LA HABANA, Cuba.- A Nelson Rodríguez Leyva nunca lo hemos olvidado. No lo olvidaremos nunca. Se lo prometí cuando terminé de leer su libro de cuentos El Regalo, publicado en 1964 con la ayuda del célebre escritor Virgilio Piñera, por Ediciones Revolución, cuando apenas tenía 21 años de edad; había nacido en la provincia de Villa Clara, el 16 de julio de 1943.
En 1971 fue fusilado, él y su amigo más íntimo, en la fortaleza de La Cabaña, por intentar secuestrar una avioneta de fumigación de Cubana para escapar ambos hacia Estados Unidos, renuentes a continuar viviendo bajo el comunismo.
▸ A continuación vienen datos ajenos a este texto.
lemma haar_system_countable_bump_cover:
  fixes r :: "'a::{t2_space,second_countable_topology} \<Rightarrow> 'a"
  assumes lc: "locally_compact_space (euclidean :: 'a topology)"
    and haar: "continuous_left_haar_system r d m lam" and units: "\<forall>u\<in>gunits r. r u = u"
  obtains \<Phi> where "countable \<Phi>" "\<Phi> \<subseteq> {\<phi> \<in> Cc_nonneg. \<forall>x. \<phi> x \<le> 1}"
    "\<forall>u\<in>gunits r. \<exists>\<phi>\<in>\<Phi>. 0 < (\<integral>\<^sup>+ x. ennreal (\<phi> x) \<partial>lam u)"
proof -
  define I where "I \<phi> u = enn2real (\<integral>\<^sup>+ x. ennreal (\<phi> x) \<partial>lam u)" for \<phi> :: "'a \<Rightarrow> real" and u
  define S where "S \<phi> = {u \<in> gunits r. 0 < I \<phi> u}" for \<phi>
  define B where "B = {\<phi> \<in> (Cc_nonneg :: ('a \<Rightarrow> real) set). \<forall>x. \<phi> x \<le> 1}"
  have cont: "continuous_on (gunits r) (I \<phi>)" if "\<phi> \<in> Cc_nonneg" for \<phi>
    using continuous_left_haar_system_continuous_on[OF haar that] unfolding I_def .
  have S_open: "openin (top_of_set (gunits r)) (S \<phi>)" if "\<phi> \<in> B" for \<phi>
  proof -
    have "S \<phi> = gunits r \<inter> I \<phi> -` {0<..}" by (auto simp: S_def)
    moreover have "\<phi> \<in> Cc_nonneg" using that by (simp add: B_def)
    ultimately show ?thesis
      using continuous_openin_preimage_gen[OF cont open_greaterThan] by simp
  qed
  have cover: "gunits r \<subseteq> \<Union>(S ` B)"
  proof
    fix u assume u: "u \<in> gunits r"
    obtain f where f: "f \<in> Cc_nonneg" "\<forall>x. f x \<le> 1" "f u = 1" using Cc_nonneg_bump[OF lc] .
    then have "0 < (\<integral>\<^sup>+ x. ennreal (f x) \<partial>lam u)"
      using u units by (intro haar_system_nn_integral_pos[OF haar]) (auto simp: Cc_nonneg_def)
    then have "u \<in> S f" using continuous_left_haar_systemD(3)[OF haar u f(1)] u by (simp add: S_def I_def enn2real_positive_iff)
    then show "u \<in> \<Union>(S ` B)" using f by (auto simp: B_def)
  qed
  obtain F where F: "F \<subseteq> S ` B" "countable F" "\<Union>F = \<Union>(S ` B)"
    by (rule Lindelof_openin[of "S ` B" "gunits r"]) (use S_open in blast)+
  then obtain \<Phi> where \<Phi>: "countable \<Phi>" "\<Phi> \<subseteq> B" "F = S ` \<Phi>"
    using countable_subset_image[of F S B] by blast
  have "\<forall>u\<in>gunits r. \<exists>\<phi>\<in>\<Phi>. 0 < (\<integral>\<^sup>+ x. ennreal (\<phi> x) \<partial>lam u)"
  proof
    fix u assume "u \<in> gunits r"
    then obtain \<phi> where "\<phi> \<in> \<Phi>" "u \<in> S \<phi>"
      using cover F(3) \<Phi>(3) by blast
    then show "\<exists>\<phi>\<in>\<Phi>. 0 < (\<integral>\<^sup>+ x. ennreal (\<phi> x) \<partial>lam u)"
      by (auto simp: S_def I_def enn2real_positive_iff)
  qed
  moreover have "\<Phi> \<subseteq> {\<phi> \<in> Cc_nonneg. \<forall>x. \<phi> x \<le> 1}" using \<Phi>(2) by (simp add: B_def)
  ultimately show ?thesis using that \<Phi>(1) by blast
qed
Todos los ejemplares de su libro de cuentos fueron convertidos en pulpa de papel por orden expresa del régimen castrista. Se pudo salvar un ejemplar milagrosamente y fue enviado al exilio, a las manos queridas de nuestra amiga poetisa Belkis Cuza Malé.
Pero el cuerpo de aquel joven rebelde, amante de la vida y de los libros, desapareció para siempre y ni siquiera su madre pudo darle una sepultura cristiana, porque fue echado en los fosos de La Cabaña como cadáver indeseable.
Han transcurrido cincuenta años y son muchos quienes recuerdan a Nelson. Dicen que era un bello joven alto, delgado, de amplia sonrisa siempre, amigo de todos, de cabellos claros y enamorado de la vida; que cuando el pelotón de fusilamiento recibió la orden de asesinarlo Nelson levantó la cabeza y ni aun así pudo mirar el cielo por última vez. Tenía los ojos vendados. Que su madre imploró por la vida de su hijo hasta el último momento, y que cuando supo de su muerte hizo silencio y nunca más se sintió un ser humano. Ella también quedó tan muerta como su hijo.
En su libro de relatos breves, tan breves como su vida, el elemento más recurrente es su propia muerte. Acaso la presentía, me pregunto, cuando dice en uno de estos relatos: “Ya he perdido gran parte de la piel del pecho y con temor contemplo el orificio de la bala en mi corazón. Con más intensidad que antes siento que mi cuerpo arde, o lo que queda del mismo, y ese dolor punzante me crea un vacío en el cual vago y noto que camino sin moverme. Miro mis manos. Ya no queda nada excepto los huesos. No me acostumbro a la idea de estar muerto”.
La Unión de Escritores y Artistas de Cuba, controlada al máximo por el Ministerio del Interior y en manos del poeta Nicolás Guillén, no intentó ni fue capaz de pedir clemencia para este joven intelectual llamado Nelson Rodríguez Leyva.
Es verdad que por aquellos años “nadie escuchaba”, pero el Mayor General José Maceo sí hubiera intercedido por Nelson, como lo hizo durante la guerra contra España, cuando dijo en una ocasión, para proteger a los músicos que eran colocados en la primera línea de combate: “Si usted o yo morimos, nada importaría. Se corre el escalafón y nos sustituyen fácilmente; pero si muere un artista, no podríamos hacer lo mismo”.
El día que tuve el libro de Nelson en mis manos sentí una gran angustia en mi alma. Sus páginas limpias, como salidas de la imprenta recientemente, se convirtieron en un tesoro. Y me dije: el destino de Nelson fue morir por la libertad, el mío, aunque amenazada con el paredón castrista de fusilamiento, es vivir para recordarlo y recordar esas palabras suyas que parecen un epitafio entre sus relatos:
“Sé que dentro de un rato todo habrá pasado y acabará con unas paletadas de tierra. Era bueno, dirán. Ahora sí estoy convencido que me queda poco. Y por tanto deseo dejar un recuerdo. No quiero que me olviden”.
Así será, Nelson. Jamás, amigo querido, te olvidaremos. El crimen de tu muerte, cometido por los mismos comunistas de ayer y de hoy, lo denunciaremos siempre.